In Australia, at least one woman a week is murdered by her current or former partner. According to Destroy the Joint, this equated to the killing of at least 57 women in 2022 and at least 64 women in 2023 allegedly as a result of men’s violence. At the time of finalising this report, an unusually high number of killings allegedly by men’s violence in the first four months of 2024 in Australia has reignited national attention over the need to better address women’s risk of fatal violence (see, inter alia, AAP, 2024; Priestley, 2024; Tuohy, 2024).

Intimate partner homicides are recognised as the most preventable type of homicide because it is assumed that histories of abuse can provide clear indicators of risk (see, inter alia, Bugeja et al., 2013; Dearden & Jones, 2008; Virueda & Payne, 2010).

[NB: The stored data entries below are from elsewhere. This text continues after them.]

(* Let $\alpha\in\mathbb{N}$ and $n\geq 2$. Let $-\infty<\xi_1<\xi_2<\cdots<\xi_n<\infty$ be distinct real numbers and $w_1,\dots,w_n\in\mathbb{R}$ arbitrary, and let $Q_n(f)=\sum_{j=1}^n w_j f(\xi_j)$. Let \[ \sigma:=\begin{cases}\alpha & \text{if } \min_{j=1,\dots,n-1}(\xi_{j+1}-\xi_j)\leq 1,\\ 0 & \text{otherwise.}\end{cases} \] Then there exists a constant $c_\alpha>0$, depending only on $\alpha$, such that \[ e^{\mathrm{wor}}(Q_n,\mathscr{H}_\alpha)\geq c_\alpha \min_{i=1,\dots,n-1}(\xi_{i+1}-\xi_i)^{\sigma+1/2}\sum_{j=1}^{n-1}\mathrm{e}^{-\max(\xi_j^2,\xi_{j+1}^2)/2}\left(\sum_{k=1}^{n-1}\mathrm{e}^{-\mathbb{1}_{\geq 0}(\xi_k\xi_{k+1})\min(\xi_k^2,\xi_{k+1}^2)/2}\right)^{-1/2}, \] where $\mathbb{1}_{\geq 0}(x)=1$ if $x\geq 0$ and $0$ otherwise.
   Context: Let $\rho(x)=\frac{1}{\sqrt{2\pi}}\mathrm{e}^{-x^2/2}$ and $L^2_\rho$ the space of (equivalence classes of) measurable $f:\mathbb{R}\to\mathbb{R}$ with $\|f\|_{L^2_\rho}^2=\int_\mathbb{R}|f(x)|^2\rho(x)\,\mathrm{d}x<\infty$. For $\alpha\in\mathbb{N}$, the weighted Sobolev space $\mathscr{H}_\alpha$ is the set of $f\in L^2_\rho$ having weak derivatives $f^{(\tau)}\in L^2_\rho$ for $\tau=1,\dots,\alpha$, with norm $\|f\|_\alpha=(\sum_{\tau=0}^\alpha\|f^{(\tau)}\|_{L^2_\rho}^2)^{1/2}$; elements are identified with their continuous representatives. Let $I(f)=\int_\mathbb{R}f(x)\rho(x)\,\mathrm{d}x$. For a quadrature rule $Q_n$, the worst-case error is $e^{\mathrm{wor}}(Q_n,\mathscr{H}_\alpha)=\sup_{0\neq f\in\mathscr{H}_\alpha}|I(f)-Q_n(f)|/\|f\|_\alpha$. *)

theory Defs
  imports "HOL-Analysis.Analysis"
begin

definition gauss_rho :: "real \<Rightarrow> real" where
  "gauss_rho x = exp (- (x\<^sup>2) / 2) / sqrt (2 * pi)"

definition L2rho :: "(real \<Rightarrow> real) \<Rightarrow> bool" where
  "L2rho f \<longleftrightarrow> f \<in> borel_measurable lborel \<and>
     integrable lborel (\<lambda>x. (f x)\<^sup>2 * gauss_rho x)"

definition test_fun :: "(real \<Rightarrow> real) \<Rightarrow> bool" where
  "test_fun \<phi> \<longleftrightarrow> (\<forall>k x. ((deriv ^^ k) \<phi>) differentiable (at x)) \<and>
     (\<exists>R. \<forall>x. \<bar>x\<bar> > R \<longrightarrow> \<phi> x = 0)"

definition weak_derivs :: "nat \<Rightarrow> (real \<Rightarrow> real) \<Rightarrow> (nat \<Rightarrow> real \<Rightarrow> real) \<Rightarrow> bool" where
  "weak_derivs \<alpha> f g \<longleftrightarrow> g 0 = f \<and> (\<forall>\<tau>\<le>\<alpha>. L2rho (g \<tau>)) \<and>
     (\<forall>\<tau>. 1 \<le> \<tau> \<and> \<tau> \<le> \<alpha> \<longrightarrow> (\<forall>\<phi>. test_fun \<phi> \<longrightarrow>
        integral\<^sup>L lborel (\<lambda>x. f x * (deriv ^^ \<tau>) \<phi> x)
          = (-1) ^ \<tau> * integral\<^sup>L lborel (\<lambda>x. g \<tau> x * \<phi> x)))"

text \<open>Weighted Sobolev space, elements given by their continuous representatives.\<close>
definition Hspace :: "nat \<Rightarrow> (real \<Rightarrow> real) set" where
  "Hspace \<alpha> = {f. continuous_on UNIV f \<and> (\<exists>g. weak_derivs \<alpha> f g)}"

definition Hnorm :: "nat \<Rightarrow> (real \<Rightarrow> real) \<Rightarrow> real" where
  "Hnorm \<alpha> f = (let g = (SOME g. weak_derivs \<alpha> f g) in
     sqrt (\<Sum>\<tau>\<le>\<alpha>. integral\<^sup>L lborel (\<lambda>x. (g \<tau> x)\<^sup>2 * gauss_rho x)))"

definition gauss_int :: "(real \<Rightarrow> real) \<Rightarrow> real" where
  "gauss_int f = integral\<^sup>L lborel (\<lambda>x. f x * gauss_rho x)"

definition quad :: "nat \<Rightarrow> (nat \<Rightarrow> real) \<Rightarrow> (nat \<Rightarrow> real) \<Rightarrow> (real \<Rightarrow> real) \<Rightarrow> real" where
  "quad n \<xi> w f = (\<Sum>j=1..n. w j * f (\<xi> j))"

definition wce :: "nat \<Rightarrow> nat \<Rightarrow> (nat \<Rightarrow> real) \<Rightarrow> (nat \<Rightarrow> real) \<Rightarrow> ereal" where
  "wce \<alpha> n \<xi> w = (SUP f \<in> {f \<in> Hspace \<alpha>. f \<noteq> (\<lambda>_. 0)}.
       ereal (\<bar>gauss_int f - quad n \<xi> w f\<bar> / Hnorm \<alpha> f))"

definition ind_nonneg :: "real \<Rightarrow> real" where
  "ind_nonneg x = (if x \<ge> 0 then 1 else 0)"

end

theory Submission
  imports Defs "HOL-Computational_Algebra.Polynomial"
begin

(* Let h be the smallest gap between consecutive nodes. Put a rescaled copy B((x - xi_j)/h) of a
   fixed smooth bump B, supported in [1/3, 2/3], into every gap [xi_j, xi_(j+1)] and let f be the
   sum of these bumps. Then f vanishes at all nodes, so the error of Q_n on f is I(f), which is at
   least a multiple of h times the sum over the gaps of the minimum of rho on the gap. The bumps
   have disjoint supports, so the square of each derivative of f is the sum of the squares of the
   derivatives of the bumps; the tau-th derivative of a bump is of size h^(-tau) on an interval of
   length h, so ||f||_alpha^2 is at most a multiple of h^(1 - 2 sigma) times the sum over the gaps
   of the maximum of rho on the gap. Because the norm is defined through some choice of weak
   derivatives, one also needs their uniqueness almost everywhere (the fundamental lemma of the
   calculus of variations) to compute ||f||_alpha from the classical derivatives of f. *)

section \<open>Smooth functions\<close>

primrec differentiable_times :: "nat \<Rightarrow> (real \<Rightarrow> real) \<Rightarrow> bool" where
  "differentiable_times 0 f \<longleftrightarrow> True"
| "differentiable_times (Suc k) f \<longleftrightarrow>
     (\<forall>x. f differentiable (at x)) \<and> differentiable_times k (deriv f)"

definition smooth :: "(real \<Rightarrow> real) \<Rightarrow> bool" where
  "smooth f \<longleftrightarrow> (\<forall>k. differentiable_times k f)"

lemmas real_differentiable_imp_DERIV = DERIV_deriv_iff_real_differentiable[THEN iffD2]

lemma deriv_fun_eqI: "(\<And>x. (f has_real_derivative f' x) (at x)) \<Longrightarrow> deriv f = f'"
  by (rule ext) (simp add: DERIV_imp_deriv)

lemma differentiable_times_SucD: "differentiable_times (Suc k) f \<Longrightarrow> differentiable_times k f"
  by (induction k arbitrary: f) auto

lemma differentiable_times_const: "differentiable_times k (\<lambda>x. c)"
proof (induction k arbitrary: c)
  case (Suc k)
  have "deriv (\<lambda>x. c) = (\<lambda>x. 0)" by (rule deriv_fun_eqI) auto
  then show ?case using Suc by auto
qed simp

lemma differentiable_times_add:
  "differentiable_times k f \<Longrightarrow> differentiable_times k g \<Longrightarrow> differentiable_times k (\<lambda>x. f x + g x)"
proof (induction k arbitrary: f g)
  case (Suc k)
  have "deriv (\<lambda>x. f x + g x) = (\<lambda>x. deriv f x + deriv g x)"
    using Suc.prems
    by (intro deriv_fun_eqI) (auto intro!: derivative_eq_intros real_differentiable_imp_DERIV)
  then show ?case using Suc by auto
qed simp

lemma differentiable_times_mult:
  "differentiable_times k f \<Longrightarrow> differentiable_times k g \<Longrightarrow> differentiable_times k (\<lambda>x. f x * g x)"
proof (induction k arbitrary: f g)
  case (Suc k)
  have "deriv (\<lambda>x. f x * g x) = (\<lambda>x. deriv f x * g x + f x * deriv g x)"
    using Suc.prems
    by (intro deriv_fun_eqI) (auto intro!: derivative_eq_intros real_differentiable_imp_DERIV)
  moreover have "differentiable_times k (\<lambda>x. deriv f x * g x + f x * deriv g x)"
    using Suc differentiable_times_SucD[OF Suc.prems(1)] differentiable_times_SucD[OF Suc.prems(2)]
    by (intro differentiable_times_add Suc.IH) auto
  ultimately show ?case using Suc by auto
qed simp

lemma differentiable_times_affine:
  "differentiable_times k f \<Longrightarrow> differentiable_times k (\<lambda>x. f (a * x + c))"
proof (induction k arbitrary: f)
  case (Suc k)
  have D: "((\<lambda>x. f (a * x + c)) has_real_derivative a * deriv f (a * x + c)) (at x)" for x
  proof -
    have "((\<lambda>x. a * x + c) has_real_derivative a) (at x)"
      by (auto intro!: derivative_eq_intros)
    from DERIV_chain2[OF real_differentiable_imp_DERIV this] Suc.prems
    show ?thesis by (simp add: mult.commute)
  qed
  then have "deriv (\<lambda>x. f (a * x + c)) = (\<lambda>x. a * deriv f (a * x + c))"
    by (rule deriv_fun_eqI)
  moreover have "\<forall>x. (\<lambda>x. f (a * x + c)) differentiable (at x)"
    using D real_differentiable_def by blast
  ultimately show ?case
    using Suc by (auto intro!: differentiable_times_mult[OF differentiable_times_const])
qed simp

While intimate partner homicides are monitored and examined in Australia via the work of the Australian Institute of Criminology and state-based death review teams, there is no fully funded, multi-systems approach to the prevention of men’s lethal violence against women (McPhedran & Baker, 2012). As in Australia, international efforts to review and count such deaths are carried out in different ways and are often fraught with difficulties (see, inter alia, Walklate et al., 2020; Dawson & Vega, 2023).

In Australia and comparable international jurisdictions, a range of provisions, measures, laws and programs are designed to assess and address the risk of intimate partner violence. These include civil orders alongside programs that provide increased levels of protection and monitoring for women deemed at high risk of repeat victimisation. These instruments include the development of various risk assessment and management frameworks (Walklate et al., 2020). While magistrates, police and specialist support services use these instruments to identify and respond to risk (Boxall et al., 2015; Robinson & Moloney, 2010; Wakefield & Taylor, 2015), there is evidence that these approaches are limited by their conceptualisations of risk and in their scale of implementation and inconsistency in application.

This project sought to contribute new evidence to inform the further development of whole-of-systems preventive approaches to repeat violence and intimate femicide. Specifically, the project aimed to build evidence based on the following touchpoints:

  • Places where an intervention between the initial emergence of family violence and the fatal outcomes had occurred.

  • What could potentially be known about those points of intervention.

  • If/how the pathway from intervention to safety could be better supported.

This report presents findings from the collection of over 250 intimate femicide sentencing judgments and the in-depth analyses of 235 of these. These judgements were used, in part, to identify potential points of intervention that might have provided an opportunity to prevent such killings. Sentencing judgments typically include narrative accounts from a judge, who describes how and where the crime took place as well as the circumstances that led to it.

This project builds current understandings of the potential points of intervention prior to the killing of women by their male intimate partners. In doing so, this project has contributed to building understanding of who perpetrates intimate femicide.

Melbourne: Monash University, 2024. 40p.